So what about a standalone service other than master? You can use your own
procedure store in that service?

2016-09-23 11:28 GMT+08:00 Ted Yu <yuzhih...@gmail.com>:

> An earlier implementation was client driven.
>
> But with that approach, it is hard to resume if there is error midway.
> Using Procedure V2 makes the backup / restore more robust.
>
> Another consideration is for security. It is hard to enforce security (to
> be implemented) for client driven actions.
>
> Cheers
>
> > On Sep 22, 2016, at 8:15 PM, Andrew Purtell <andrew.purt...@gmail.com>
> wrote:
> >
> > No, this misses Matteo's finer point, which is "shelling out" from the
> master directly to run MR is a first. Why not drive this with a utility
> derived from Tool?
> >
> > On Sep 22, 2016, at 7:57 PM, Vladimir Rodionov <vladrodio...@gmail.com>
> wrote:
> >
> >>>> In our production cluster,  it is a common case we just have HDFS and
> >>>> HBase deployed.
> >>>> If our Master/RS depend on MR framework (especially some features we
> >>>> have not used at all),  it introduced another cost for maintain.  I
> >>>> don't think it is a good idea.
> >>
> >> So , you are not backup users in this case. Many our customers have full
> >> stack deployed and
> >> want see backup to be a standard feature. Besides this, nothing will
> happen
> >> in your cluster
> >> if you won't be doing backups.
> >>
> >> This discussion (we do not want see M/R dependency) goes to nowhere. We
> >> asked already, at least twice, to suggest another framework (other than
> M/R)
> >> for bulk data copy with *conversion*. Still waiting for suggestions.
> >>
> >> -Vlad
> >>
> >>
> >>
> >>
> >>> On Thu, Sep 22, 2016 at 7:49 PM, Ted Yu <yuzhih...@gmail.com> wrote:
> >>>
> >>> If MR framework is not deployed in the cluster, hbase still functions
> >>> normally (post merge).
> >>>
> >>> In terms of build time dependency, we have long been depending on
> >>> mapreduce.

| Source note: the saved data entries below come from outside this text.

(* Let $h$ be a hospital and let $\mathrm{Ch}_h$ be the choice function that, given $X'\subseteq X_h$ (with $\mathrm{Ch}_h(\emptyset)=\emptyset$), sorts $X'$ in non-decreasing order of wage (ties broken by a fixed order) as $x^{(1)},\dots,x^{(|X'|)}$, starts with $Y=\emptyset$, for $i=1,\dots,|X'|-1$ adds $x^{(i)}$ to $Y$ if $w_h(Y\cup\{x^{(i)}\})<B_h$, then adds $x^{(|X'|)}$ to $Y$ and returns $Y$. Then for every $X'\subseteq X_h$, $w_h(\mathrm{Ch}_h(X'))<B_h+\overline{w}_h$.
   Context: Hospital $h$ has a finite set $X_h$ of contracts $x$ with wages $x_W$, $0<x_W\le B_h$, where $B_h>0$ is its budget. $w_h(Y)=\sum_{x\in Y}x_W$, $\overline{w}_h=\max_{x\in X_h}x_W$. *)

theory Defs
  imports Complex_Main "HOL-Library.Product_Lexorder"
begin

definition wsum :: "('c \<Rightarrow> real) \<Rightarrow> 'c set \<Rightarrow> real" where
  "wsum wage Y = (\<Sum>x\<in>Y. wage x)"

fun greedy :: "('c \<Rightarrow> real) \<Rightarrow> real \<Rightarrow> 'c set \<Rightarrow> 'c list \<Rightarrow> 'c set" where
  "greedy wage B Y [] = Y"
| "greedy wage B Y [x] = insert x Y"
| "greedy wage B Y (x # y # xs) =
     (if wsum wage (insert x Y) < B then greedy wage B (insert x Y) (y # xs)
      else greedy wage B Y (y # xs))"

definition Ch :: "('c \<Rightarrow> real) \<Rightarrow> real \<Rightarrow> ('c \<Rightarrow> nat) \<Rightarrow> 'c set \<Rightarrow> 'c set" where
  "Ch wage B rank X' = greedy wage B {} (sorted_key_list_of_set (\<lambda>x. (wage x, rank x)) X')"

end

theory Submission
  imports Defs
begin

text \<open>The greedy pass keeps the running wage strictly below the budget until its last step,
  which adds a single contract, of wage at most the maximal wage in \<open>X\<^sub>h\<close>.\<close>

lemma wsum_insert_le:
  assumes "finite Y" "0 \<le> wage x"
  shows "wsum wage (insert x Y) \<le> wsum wage Y + wage x"
  using assms unfolding wsum_def by (cases "x \<in> Y") (auto simp: insert_absorb)

lemma greedy_wsum_less:
  assumes "finite Y" "wsum wage Y < B" "\<forall>x\<in>set xs. 0 \<le> wage x \<and> wage x \<le> M" "0 \<le> M"
  shows "wsum wage (greedy wage B Y xs) < B + M"
  using assms
proof (induction wage B Y xs rule: greedy.induct)
  case (1 wage B Y)
  then show ?case by simp
next
  case (2 wage B Y x)
  then have "wsum wage (insert x Y) \<le> wsum wage Y + wage x"
    by (simp add: wsum_insert_le)
  with 2 show ?case by simp
next
  case (3 wage B Y x y xs)
  then show ?case by auto
qed

lemma set_sorted_key_list_of_set_inj_on:
  fixes key :: "'b \<Rightarrow> 'a::linorder"
  assumes "inj_on key S" "A \<subseteq> S" "finite A"
  shows "set (sorted_key_list_of_set key A) = A"
proof -
  interpret folding_insort_key "(\<le>)" "(<)" S key
    by unfold_locales (rule assms(1))
  have "set (linorder.sorted_key_list_of_set (\<le>) key A) = A"
    using assms(2,3) by (rule set_sorted_key_list_of_set)
  \<comment> \<open>The locale's constant is stated for the \<open>linorder\<close> instance; unfold both sides to match the class constant.\<close>
  then show ?thesis
    by (simp add: linorder.sorted_key_list_of_set_def[OF linorder_axioms]
        linorder.insort_key_def[OF linorder_axioms] sorted_key_list_of_set_def insort_key_def)
qed

theorem lemma6:
  fixes Xh :: "'c set" and wage :: "'c \<Rightarrow> real" and B :: real
    and rank :: "'c \<Rightarrow> nat" and X' :: "'c set"
  assumes "finite Xh" and "Xh \<noteq> {}"
    and "B > 0"
    and "\<forall>x\<in>Xh. 0 < wage x \<and> wage x \<le> B"
    and "inj_on rank Xh"
    and "X' \<subseteq> Xh"
  shows "wsum wage (Ch wage B rank X') < B + Max (wage ` Xh)"
proof -
  let ?key = "\<lambda>x. (wage x, rank x)"
  have "inj_on ?key Xh"
    using assms(5) by (auto simp: inj_on_def)
  then have sorted_set: "set (sorted_key_list_of_set ?key X') = X'"
    using assms(1,6) by (simp add: set_sorted_key_list_of_set_inj_on finite_subset)
  have wage_le_Max: "wage x \<le> Max (wage ` Xh)" if "x \<in> Xh" for x
    using assms(1) that by simp
  obtain x0 where "x0 \<in> Xh" using assms(2) by blast
  then have "0 \<le> Max (wage ` Xh)"
    using assms(4) wage_le_Max by (meson less_le_trans less_imp_le)
  moreover have "\<forall>x\<in>set (sorted_key_list_of_set ?key X'). 0 \<le> wage x \<and> wage x \<le> Max (wage ` Xh)"
    using sorted_set assms(4,6) wage_le_Max by (auto simp: less_imp_le)
  ultimately show ?thesis
    unfolding Ch_def using assms(3) by (intro greedy_wsum_less) (auto simp: wsum_def)
qed

end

Take a look at ExportSnapshot.
> >>>
> >>> Cheers
> >>>
> >>> On Thu, Sep 22, 2016 at 7:42 PM, Heng Chen <heng.chen.1...@gmail.com>
> >>> wrote:
> >>>
> >>>> In our production cluster,  it is a common case we just have HDFS and
> >>>> HBase deployed.
> >>>> If our Master/RS depend on MR framework (especially some features we
> >>>> have not used at all),  it introduced another cost for maintain.  I
> >>>> don't think it is a good idea.
> >>>>
> >>>> 2016-09-23 10:28 GMT+08:00 张铎 <palomino...@gmail.com>:
> >>>>> To be specific, for example, our nice Backup/Restore feature, if we
> >>> think
> >>>>> this is not a core feature of HBase, then we could make it depend on
> >>> MR,
> >>>>> and start a standalone BackupManager instance that submits MR jobs to
> >>> do
> >>>>> periodical maintenance job. And if we think this is a core feature
> that
> >>>>> everyone should use it, then we'd better implement it without MR
> >>>>> dependency, like DLS.
> >>>>>
> >>>>> Thanks.
> >>>>>
> >>>>> 2016-09-23 10:11 GMT+08:00 张铎 <palomino...@gmail.com>:
> >>>>>
> >>>>>> I‘m -1 on let master or rs launch MR jobs. It is OK that some of our
> >>>>>> features depend on MR but I think the bottom line is that we should
> >>>> launch
> >>>>>> the jobs from outside manually or by other services.
> >>>>>>
> >>>>>> 2016-09-23 9:47 GMT+08:00 Andrew Purtell <andrew.purt...@gmail.com
> >:
> >>>>>>
> >>>>>>> Ok, got it. Well "shelling out" is on the line I think, so a fair
> >>>>>>> question.
> >>>>>>>
> >>>>>>> Can this be driven by a utility derived from Tool like our other MR
> >>>> apps?
> >>>>>>> The issue is needing the AccessController to decide if allowed? But
> >>>> nothing
> >>>>>>> prevents the user from running the job manually/independently,
> right?
> >>>>>>>
> >>>>>>>> On Sep 22, 2016, at 3:44 PM, Matteo Bertozzi <
> >>>> theo.berto...@gmail.com>
> >>>>>>> wrote:
> >>>>>>>>
> >>>>>>>> just a remark. my query was not about tools using MR (everyone i
> >>>> think
> >>>>>>> is
> >>>>>>>> ok with those).
> >>>>>>>> the topic was about: "are we ok with running MR jobs from Master
> >>> and
> >>>> RSs
> >>>>>>>> code?" since this will be the first time we do this
> >>>>>>>>
> >>>>>>>> Matteo
> >>>>>>>>
> >>>>>>>>
> >>>>>>>>> On Thu, Sep 22, 2016 at 2:49 PM, Devaraj Das <
> >>> d...@hortonworks.com>
> >>>>>>> wrote:
> >>>>>>>>>
> >>>>>>>>> Very much agree; for tools like ExportSnapshot / Backup /
> Restore,
> >>>> it's
> >>>>>>>>> fine to be dependent on MR. MR is the right framework for such.
> We
> >>>>>>> should
> >>>>>>>>> also do compactions using MR (just saying :) )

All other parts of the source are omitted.